section \<open>Injectivity modulo rotations\<close>

text \<open>With the first point fixed, the data abc, a + b + c and \<sigma> determine the
  remaining two points, up to a swap that is ruled out by the sign of \<sigma>.\<close>

lemma rotation_of_same_invariants_fixed_first:
  assumes u: "cmod a = 1" "cmod b = 1" "cmod c = 1"
    and p: "a*b'*c' = a*b*c" and w: "a+b'+c' = a+b+c" and s: "tri_im a b' c' = tri_im a b c"
  shows "(a,b',c') \<in> {(a,b,c),(b,c,a),(c,a,b)}"
proof -
  have "a \<noteq> 0" using u by auto
  then have prod: "b'*c' = b*c" using p by (simp add: mult.assoc)
  have sum: "b'+c' = b+c" using w by simp
  have "(b'-b) * (b'-c) = b'^2 - (b'+c') * b' + b'*c'"
    unfolding sum prod by (simp add: algebra_simps power2_eq_square)
  also have "\<dots> = 0" by (simp add: algebra_simps power2_eq_square)
  finally have "b' = b \<or> b' = c" by simp
  then show ?thesis
  proof
    assume "b' = b"
    then show ?thesis using sum by simp
  next
    assume swap: "b' = c"
    then have "c' = b" using sum by simp
    then have "tri_im a b c = 0" using s swap tri_im_swap[of a b c] by simp
    then have "a = b \<or> b = c \<or> c = a" using tri_im_eq_0_imp_collision u by blast
    then show ?thesis using swap \<open>c' = b\<close> by auto
  qed
qed

lemma rotation_of_same_invariants:
  assumes u: "cmod a = 1" "cmod b = 1" "cmod c = 1"
    and u': "cmod a' = 1" "cmod b' = 1" "cmod c' = 1"
    and p: "a'*b'*c' = a*b*c" and w: "a'+b'+c' = a+b+c" and s: "tri_im a' b' c' = tri_im a b c"
  shows "(a',b',c') \<in> {(a,b,c),(b,c,a),(c,a,b)}"
proof -
  have e2: "a'*b' + b'*c' + c'*a' = a*b + b*c + c*a"
    using e2_unit_circle[OF u] e2_unit_circle[OF u'] p w by simp
  have same_poly: "(z-a') * (z-b') * (z-c') = (z-a) * (z-b) * (z-c)" for z
  proof -
    have "(z-a') * (z-b') * (z-c') = z^3 - (a'+b'+c') * z^2 + (a'*b' + b'*c' + c'*a') * z - a'*b'*c'"
      by (simp add: algebra_simps power2_eq_square power3_eq_cube)
    also have "\<dots> = (z-a) * (z-b) * (z-c)"
      unfolding p w e2 by (simp add: algebra_simps power2_eq_square power3_eq_cube)
    finally show ?thesis .
  qed
  have "(a'-a) * (a'-b) * (a'-c) = 0" using same_poly[of a'] by simp
  then consider "a' = a" | "a' = b" | "a' = c" by auto
  then show ?thesis
  proof cases
    case 1
    then show ?thesis using rotation_of_same_invariants_fixed_first[OF u] p w s by simp
  next
    case 2
    have "b*b'*c' = b*c*a" "b+b'+c' = b+c+a" "tri_im b b' c' = tri_im b c a"
      using p w s 2 tri_im_rotate[of b c a] by (simp_all add: algebra_simps)
    then have "(b,b',c') \<in> {(b,c,a),(c,a,b),(a,b,c)}"
      using rotation_of_same_invariants_fixed_first[OF u(2,3,1)] by blast
    then show ?thesis using 2 by auto
  next
    case 3
    have "c*b'*c' = c*a*b" "c+b'+c' = c+a+b" "tri_im c b' c' = tri_im c a b"
      using p w s 3 tri_im_rotate[of c a b] tri_im_rotate[of b c a] by (simp_all add: algebra_simps)
    then have "(c,b',c') \<in> {(c,a,b),(a,b,c),(b,c,a)}"
      using rotation_of_same_invariants_fixed_first[OF u(3,1,2)] by blast
    then show ?thesis using 3 by auto
  qed
qed

text \<open>A sum-of-squares certificate: the quantity below is a positive multiple of
  l^2 (Y - 6)^2 (Y^2 + 4Y + 12) + 27 (l - 1)^2 ((1 + l)^2 + 4l) with Y = (1 + l) m.\<close>

lemma scale_polynomial_pos:
  fixes l m :: real
  assumes "l > 0" "l \<noteq> 1" "m \<ge> 0"
  shows "(1 + l) * (27 + l^2 * m^4) - 8 * l^2 * m^3 > 0"
proof -
  define k where "k = 1 + l"
  define Y where "Y = k * m"
  have k0: "k > 0" using assms k_def by simp
  have certificate: "k^3 * ((1 + l) * (27 + l^2 * m^4) - 8 * l^2 * m^3) =
      l^2 * (Y - 6)^2 * (Y^2 + 4*Y + 12) + 27 * (l - 1)^2 * (k^2 + 4*l)"
    unfolding Y_def k_def by algebra
  have "Y^2 + 4*Y + 12 > 0" using assms unfolding Y_def k_def
    by (smt (verit) mult_nonneg_nonneg zero_le_power2)
  then have "l^2 * (Y - 6)^2 * (Y^2 + 4*Y + 12) \<ge> 0" by simp
  moreover have "27 * (l - 1)^2 * (k^2 + 4*l) > 0"
    using assms k0 by (simp add: add_pos_nonneg)
  ultimately have "k^3 * ((1 + l) * (27 + l^2 * m^4) - 8 * l^2 * m^3) > 0"
    using certificate by linarith
  then show ?thesis using k0 by (simp add: zero_less_mult_iff)
qed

Work instructions ▸
Go through the records above and copy each one exactly.

Result for this task ▸
section \<open>Injectivity modulo rotations\<close>

text \<open>With the first point fixed, the data abc, a + b + c and \<sigma> determine the
  remaining two points, up to a swap that is ruled out by the sign of \<sigma>.\<close>

lemma rotation_of_same_invariants_fixed_first:
  assumes u: "cmod a = 1" "cmod b = 1" "cmod c = 1"
    and p: "a*b'*c' = a*b*c" and w: "a+b'+c' = a+b+c" and s: "tri_im a b' c' = tri_im a b c"
  shows "(a,b',c') \<in> {(a,b,c),(b,c,a),(c,a,b)}"
proof -
  have "a \<noteq> 0" using u by auto
  then have prod: "b'*c' = b*c" using p by (simp add: mult.assoc)
  have sum: "b'+c' = b+c" using w by simp
  have "(b'-b) * (b'-c) = b'^2 - (b'+c') * b' + b'*c'"
    unfolding sum prod by (simp add: algebra_simps power2_eq_square)
  also have "\<dots> = 0" by (simp add: algebra_simps power2_eq_square)
  finally have "b' = b \<or> b' = c" by simp
  then show ?thesis
  proof
    assume "b' = b"
    then show ?thesis using sum by simp
  next
    assume swap: "b' = c"
    then have "c' = b" using sum by simp
    then have "tri_im a b c = 0" using s swap tri_im_swap[of a b c] by simp
    then have "a = b \<or> b = c \<or> c = a" using tri_im_eq_0_imp_collision u by blast
    then show ?thesis using swap \<open>c' = b\<close> by auto
  qed
qed

lemma rotation_of_same_invariants:
  assumes u: "cmod a = 1" "cmod b = 1" "cmod c = 1"
    and u': "cmod a' = 1" "cmod b' = 1" "cmod c' = 1"
    and p: "a'*b'*c' = a*b*c" and w: "a'+b'+c' = a+b+c" and s: "tri_im a' b' c' = tri_im a b c"
  shows "(a',b',c') \<in> {(a,b,c),(b,c,a),(c,a,b)}"
proof -
  have e2: "a'*b' + b'*c' + c'*a' = a*b + b*c + c*a"
    using e2_unit_circle[OF u] e2_unit_circle[OF u'] p w by simp
  have same_poly: "(z-a') * (z-b') * (z-c') = (z-a) * (z-b) * (z-c)" for z
  proof -
    have "(z-a') * (z-b') * (z-c') = z^3 - (a'+b'+c') * z^2 + (a'*b' + b'*c' + c'*a') * z - a'*b'*c'"
      by (simp add: algebra_simps power2_eq_square power3_eq_cube)
    also have "\<dots> = (z-a) * (z-b) * (z-c)"
      unfolding p w e2 by (simp add: algebra_simps power2_eq_square power3_eq_cube)
    finally show ?thesis .
  qed
  have "(a'-a) * (a'-b) * (a'-c) = 0" using same_poly[of a'] by simp
  then consider "a' = a" | "a' = b" | "a' = c" by auto
  then show ?thesis
  proof cases
    case 1
    then show ?thesis using rotation_of_same_invariants_fixed_first[OF u] p w s by simp
  next
    case 2
    have "b*b'*c' = b*c*a" "b+b'+c' = b+c+a" "tri_im b b' c' = tri_im b c a"
      using p w s 2 tri_im_rotate[of b c a] by (simp_all add: algebra_simps)
    then have "(b,b',c') \<in> {(b,c,a),(c,a,b),(a,b,c)}"
      using rotation_of_same_invariants_fixed_first[OF u(2,3,1)] by blast
    then show ?thesis using 2 by auto
  next
    case 3
    have "c*b'*c' = c*a*b" "c+b'+c' = c+a+b" "tri_im c b' c' = tri_im c a b"
      using p w s 3 tri_im_rotate[of c a b] tri_im_rotate[of b c a] by (simp_all add: algebra_simps)
    then have "(c,b',c') \<in> {(c,a,b),(a,b,c),(b,c,a)}"
      using rotation_of_same_invariants_fixed_first[OF u(3,1,2)] by blast
    then show ?thesis using 3 by auto
  qed
qed

text \<open>A sum-of-squares certificate: the quantity below is a positive multiple of
  l^2 (Y - 6)^2 (Y^2 + 4Y + 12) + 27 (l - 1)^2 ((1 + l)^2 + 4l) with Y = (1 + l) m.\<close>

lemma scale_polynomial_pos:
  fixes l m :: real
  assumes "l > 0" "l \<noteq> 1" "m \<ge> 0"
  shows "(1 + l) * (27 + l^2 * m^4) - 8 * l^2 * m^3 > 0"
proof -
  define k where "k = 1 + l"
  define Y where "Y = k * m"
  have k0: "k > 0" using assms k_def by simp
  have certificate: "k^3 * ((1 + l) * (27 + l^2 * m^4) - 8 * l^2 * m^3) =
      l^2 * (Y - 6)^2 * (Y^2 + 4*Y + 12) + 27 * (l - 1)^2 * (k^2 + 4*l)"
    unfolding Y_def k_def by algebra
  have "Y^2 + 4*Y + 12 > 0" using assms unfolding Y_def k_def
    by (smt (verit) mult_nonneg_nonneg zero_le_power2)
  then have "l^2 * (Y - 6)^2 * (Y^2 + 4*Y + 12) \<ge> 0" by simp
  moreover have "27 * (l - 1)^2 * (k^2 + 4*l) > 0"
    using assms k0 by (simp add: add_pos_nonneg)
  ultimately have "k^3 * ((1 + l) * (27 + l^2 * m^4) - 8 * l^2 * m^3) > 0"
    using certificate by linarith
  then show ?thesis using k0 by (simp add: zero_less_mult_iff)
qed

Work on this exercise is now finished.